Que ce soit par ses arrêts ou par ses avis consultatifs, la CIJ a contribué au développement progressif du droit international public, imposant une conception plus flexible et insistant sur l'importance de la coutume (pratique générale et opinio juris des États). Pour elle, la coutume peut s'exprimer dans les conventions et traités internationaux par effet déclaratoire (la coutume préexiste à la convention), effet de cristallisation (règle en voie de formation) ou effet constitutif (une disposition conventionnelle devient une coutume).
Limites de l'action
Depuis 1945, la CIJ est restée impuissante en ce qui concerne les conflits majeurs entre États et par conséquent politiquement plus sensibles, faute de saisine volontaire par les États. Son action a donc été limitée aux conflits marginaux. La CIJ a même eu un rôle dissuasif, une fois saisie, amenant les États à s'entendre directement entre eux : ce fut le cas pour l'Affaire relative à certaines terres à phosphate à Nauru (1993), opposant Nauru à l'Australie, qui vit finalement le désistement à l'instance des deux parties. Durant les années 1970, beaucoup d'États ont même refusé de comparaître devant la CIJ ; d'autres ont retiré leur déclaration facultative de juridiction obligatoire après des décisions leur ayant été défavorables (la France en 1974 après Essais nucléaires et les États-Unis en 1986 après Activités militaires et paramilitaires au Nicaragua et contre celui-ci). L'Australie, en conflit avec le Timor oriental sur la délimitation de leur frontière maritime commune, a retiré ce point de la sphère de compétence qu'elle reconnaissait à la CIJ[6].
La CIJ s'est même auto-limitée pour ne pas se discréditer dans le cas d'affaires sensibles. Ainsi, elle a refusé de statuer au fond pour Essais nucléaires (Australie c. France et Nouvelle-Zélande c. France, 1986) et Sud-Ouest africain (Éthiopie c. Afrique du Sud et Liberia c. Afrique du Sud, 1966). Devant les refus de comparution, elle a souvent adopté une position de retrait : elle jugeait qu'il n'y avait alors pas compétence, ou que l'affaire était devenue de fait sans objet.

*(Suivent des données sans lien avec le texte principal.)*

(* Let $k\ge1$ and $B>0$ be constants. Consider the Ising model on the complete bipartite graph with parts $V_L,V_R$, $|V_L|=n$, $|V_R|=kn$, with $\beta_{uv}=-\frac12\log(1-\frac{B}{n\sqrt k})$ for all edges and $\gamma_v=0$ for all $v$. For each $n$ let $(\hat\alpha_L^{(n)},\hat\alpha_R^{(n)})$ be a phase maximizing $\Pr(\alpha_L,\alpha_R)$. Then as $n\to\infty$, $(\hat\alpha_L^{(n)},\hat\alpha_R^{(n)})\to(1/2,1/2)$ if $B\le2$, and $(\hat\alpha_L^{(n)},\hat\alpha_R^{(n)})\to(\alpha_L^*,\alpha_R^* )$ if $B>2$, where $(\alpha_L^*,\alpha_R^* )$ is the unique solution in $(1/2,1)^2$ of $\exp(B\sqrt k(1-2\alpha_R))=\frac{1-\alpha_L}{\alpha_L}$, $\exp(\frac{B}{\sqrt k}(1-2\alpha_L))=\frac{1-\alpha_R}{\alpha_R}$.
   Context: Ising model: $\mu(\sigma)\propto\exp(\sum_{(u,v)\in E}\beta_{uv}\sigma_u\sigma_v)$ on $\{-1,1\}^{V_L\cup V_R}$. Phase: for $\sigma$, let $V_s(\sigma)$ be the set of vertices of spin $s$ and let $s$ be a spin with $|V_s(\sigma)|\ge(|V_L|+|V_R|)/2$; then $\alpha(\sigma)=\big(|V_s(\sigma)\cap V_L|/|V_L|,\,|V_s(\sigma)\cap V_R|/|V_R|\big)$. $\Pr(\alpha_L,\alpha_R)=\sum_{\sigma:\alpha(\sigma)=(\alpha_L,\alpha_R)}\mu(\sigma)$. *)

theory Defs
  imports "HOL-Analysis.Analysis"
begin

definition spin_configs :: "'v set \<Rightarrow> ('v \<Rightarrow> int) set" where
  "spin_configs V = PiE V (\<lambda>_. {-1, 1})"

definition ising_weight :: "('v \<times> 'v) set \<Rightarrow> ('v \<Rightarrow> 'v \<Rightarrow> real) \<Rightarrow> ('v \<Rightarrow> int) \<Rightarrow> real" where
  "ising_weight E \<beta> \<sigma> = exp (\<Sum>(u,v)\<in>E. \<beta> u v * real_of_int (\<sigma> u) * real_of_int (\<sigma> v))"

definition ising_Z :: "'v set \<Rightarrow> ('v \<times> 'v) set \<Rightarrow> ('v \<Rightarrow> 'v \<Rightarrow> real) \<Rightarrow> real" where
  "ising_Z V E \<beta> = (\<Sum>\<sigma>\<in>spin_configs V. ising_weight E \<beta> \<sigma>)"

definition ising_mu :: "'v set \<Rightarrow> ('v \<times> 'v) set \<Rightarrow> ('v \<Rightarrow> 'v \<Rightarrow> real) \<Rightarrow> ('v \<Rightarrow> int) \<Rightarrow> real" where
  "ising_mu V E \<beta> \<sigma> = ising_weight E \<beta> \<sigma> / ising_Z V E \<beta>"

definition majority_spin :: "'v set \<Rightarrow> 'v set \<Rightarrow> ('v \<Rightarrow> int) \<Rightarrow> int" where
  "majority_spin VL VR \<sigma> =
     (if 2 * card {v \<in> VL \<union> VR. \<sigma> v = 1} \<ge> card VL + card VR then 1 else -1)"

definition phase :: "'v set \<Rightarrow> 'v set \<Rightarrow> ('v \<Rightarrow> int) \<Rightarrow> real \<times> real" where
  "phase VL VR \<sigma> =
     (let s = majority_spin VL VR \<sigma> in
       (real (card {v \<in> VL. \<sigma> v = s}) / real (card VL),
        real (card {v \<in> VR. \<sigma> v = s}) / real (card VR)))"

definition phase_prob :: "'v set \<Rightarrow> 'v set \<Rightarrow> ('v \<times> 'v) set \<Rightarrow> ('v \<Rightarrow> 'v \<Rightarrow> real)
    \<Rightarrow> real \<times> real \<Rightarrow> real" where
  "phase_prob VL VR E \<beta> a =
     (\<Sum>\<sigma>\<in>{\<sigma> \<in> spin_configs (VL \<union> VR). phase VL VR \<sigma> = a}. ising_mu (VL \<union> VR) E \<beta> \<sigma>)"

definition VLn :: "nat \<Rightarrow> (nat + nat) set" where
  "VLn n = Inl ` {..<n}"

definition VRn :: "nat \<Rightarrow> nat \<Rightarrow> (nat + nat) set" where
  "VRn k n = Inr ` {..<k * n}"

definition beta_n :: "nat \<Rightarrow> real \<Rightarrow> nat \<Rightarrow> real" where
  "beta_n k B n = - (1/2) * ln (1 - B / (real n * sqrt (real k)))"

definition Pr_bip :: "nat \<Rightarrow> real \<Rightarrow> nat \<Rightarrow> real \<times> real \<Rightarrow> real" where
  "Pr_bip k B n a =
     phase_prob (VLn n) (VRn k n) (VLn n \<times> VRn k n) (\<lambda>_ _. beta_n k B n) a"

end

theory Submission
  imports Defs "HOL-Real_Asymp.Real_Asymp"
begin

text \<open>Counting configurations by the numbers of majority spins on the two sides, the weight
  Pr q * Z of a phase q = (i / n, j / m) lies between exp (n F q) / ((n + 1) (m + 1)) and
  2 exp (n F q), where F (a, b) = H a + K H b + c (2 a - 1) (2 b - 1), H is the binary entropy,
  K = m / n = k, and the coupling c = \<beta> m tends to B sqrt k / 2. Hence the maximizing phases
  converge to the maximizer of the limiting F over the phases allowed by the majority convention,
  as soon as this maximizer is unique.

  If c \<le> sqrt K, i.e. B \<le> 2, the bound H a \<le> ln 2 - (2 a - 1)^2 / 2 shows that (1/2, 1/2) is the
  unique maximizer. Otherwise maximizing first over a (Gibbs' inequality) leaves
  ln (exp (c y) + exp (- c y)) + K H ((1 + y) / 2) in y = 2 b - 1, whose stationary points in (0, 1)
  solve artanh y / tanh (c y) = c / K. This ratio increases strictly from 1 / c, so there is exactly
  one such point, and it corresponds to the unique solution of the mean-field equations.\<close>

section \<open>Binary entropy\<close>

definition bin_entropy :: "real \<Rightarrow> real" where
  "bin_entropy a = - (a * ln a) - (1 - a) * ln (1 - a)"

lemma bin_entropy_one_minus: "bin_entropy (1 - a) = bin_entropy a"
  unfolding bin_entropy_def by simp

lemma bin_entropy_0 [simp]: "bin_entropy 0 = 0" and bin_entropy_1 [simp]: "bin_entropy 1 = 0"
  unfolding bin_entropy_def by simp_all

lemma bin_entropy_half: "bin_entropy (1/2) = ln 2"
  unfolding bin_entropy_def by (simp add: ln_div)

lemma continuous_on_x_ln_x: "continuous_on {0..} (\<lambda>x::real. x * ln x)"
proof (clarsimp simp: continuous_on_eq_continuous_within)
  fix x :: real assume "0 \<le> x"
  show "continuous (at x within {0..}) (\<lambda>x. x * ln x)"
  proof (cases "x = 0")
    case True
    have "((\<lambda>x::real. x * ln x) \<longlongrightarrow> 0) (at_right 0)"
      by real_asymp
    moreover have "at (0::real) within {0..} = at_right 0"
      by (rule at_within_Ici_at_right)
    ultimately show ?thesis
      using True by (simp add: continuous_within)
  next
    case False
    then have "isCont (\<lambda>x. x * ln x) x"
      using \<open>0 \<le> x\<close> by (auto intro!: continuous_intros)
    then show ?thesis
      by (rule continuous_at_imp_continuous_within)
  qed
qed

lemma continuous_on_bin_entropy: "continuous_on {0..1} bin_entropy"
proof -
  have "continuous_on {0..1} (\<lambda>a::real. a * ln a)"
    by (rule continuous_on_subset[OF continuous_on_x_ln_x]) auto
  moreover have "continuous_on {0..1} (\<lambda>a::real. (1 - a) * ln (1 - a))"
    by (rule continuous_on_compose2[OF continuous_on_x_ln_x, of "{0..1}" "\<lambda>a. 1 - a"])
      (auto intro!: continuous_intros)
  ultimately show ?thesis
    unfolding bin_entropy_def[abs_def] by (intro continuous_on_diff continuous_on_minus)
qed

lemma tanh_real_exp_altdef: "tanh (t::real) = (exp t - exp (-t)) / (exp t + exp (-t))"
proof -
  have "exp t + exp (-t) > 0"
    by (simp add: add_pos_pos)
  then show ?thesis
    by (simp add: tanh_def sinh_field_def cosh_field_def divide_simps) (simp add: algebra_simps)
qed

La CIJ n'est pas le seul moyen de règlement pacifique des différends mis à la disposition des États. L'article 33 de la Charte en précise un certain nombre : « Les parties à tout différend dont la prolongation est susceptible de menacer le maintien de la paix et de la sécurité internationales doivent en rechercher la solution, avant tout, par voie de négociation, d'enquête, de médiation, de conciliation, d'arbitrage, de règlement judiciaire, de recours aux organismes ou accords régionaux, ou par d'autres moyens pacifiques de leur choix. » La multiplication des instances judiciaires internationales vient également limiter le champ d'action de la CIJ. Entre autres, le Tribunal international du droit de la mer, né de la convention de Montego Bay de 1982, empiète directement sur les compétences de la CIJ en matière de délimitation maritime. La création en 1993 du Tribunal pénal international pour l'ex-Yougoslavie (TPIY) puis en 1994 du Tribunal pénal international pour le Rwanda (TPIR) et en 2002 de la Cour pénale internationale (CPI) peut également introduire des conflits de compétence[réf. nécessaire]. Toutefois, la CIJ statue sur des différends entre États, tandis que les différentes cours pénales internationales jugent la responsabilité pénale d'individus. Cette distinction essentielle entre États et individus limite, voire empêche, les éventuels conflits de compétence.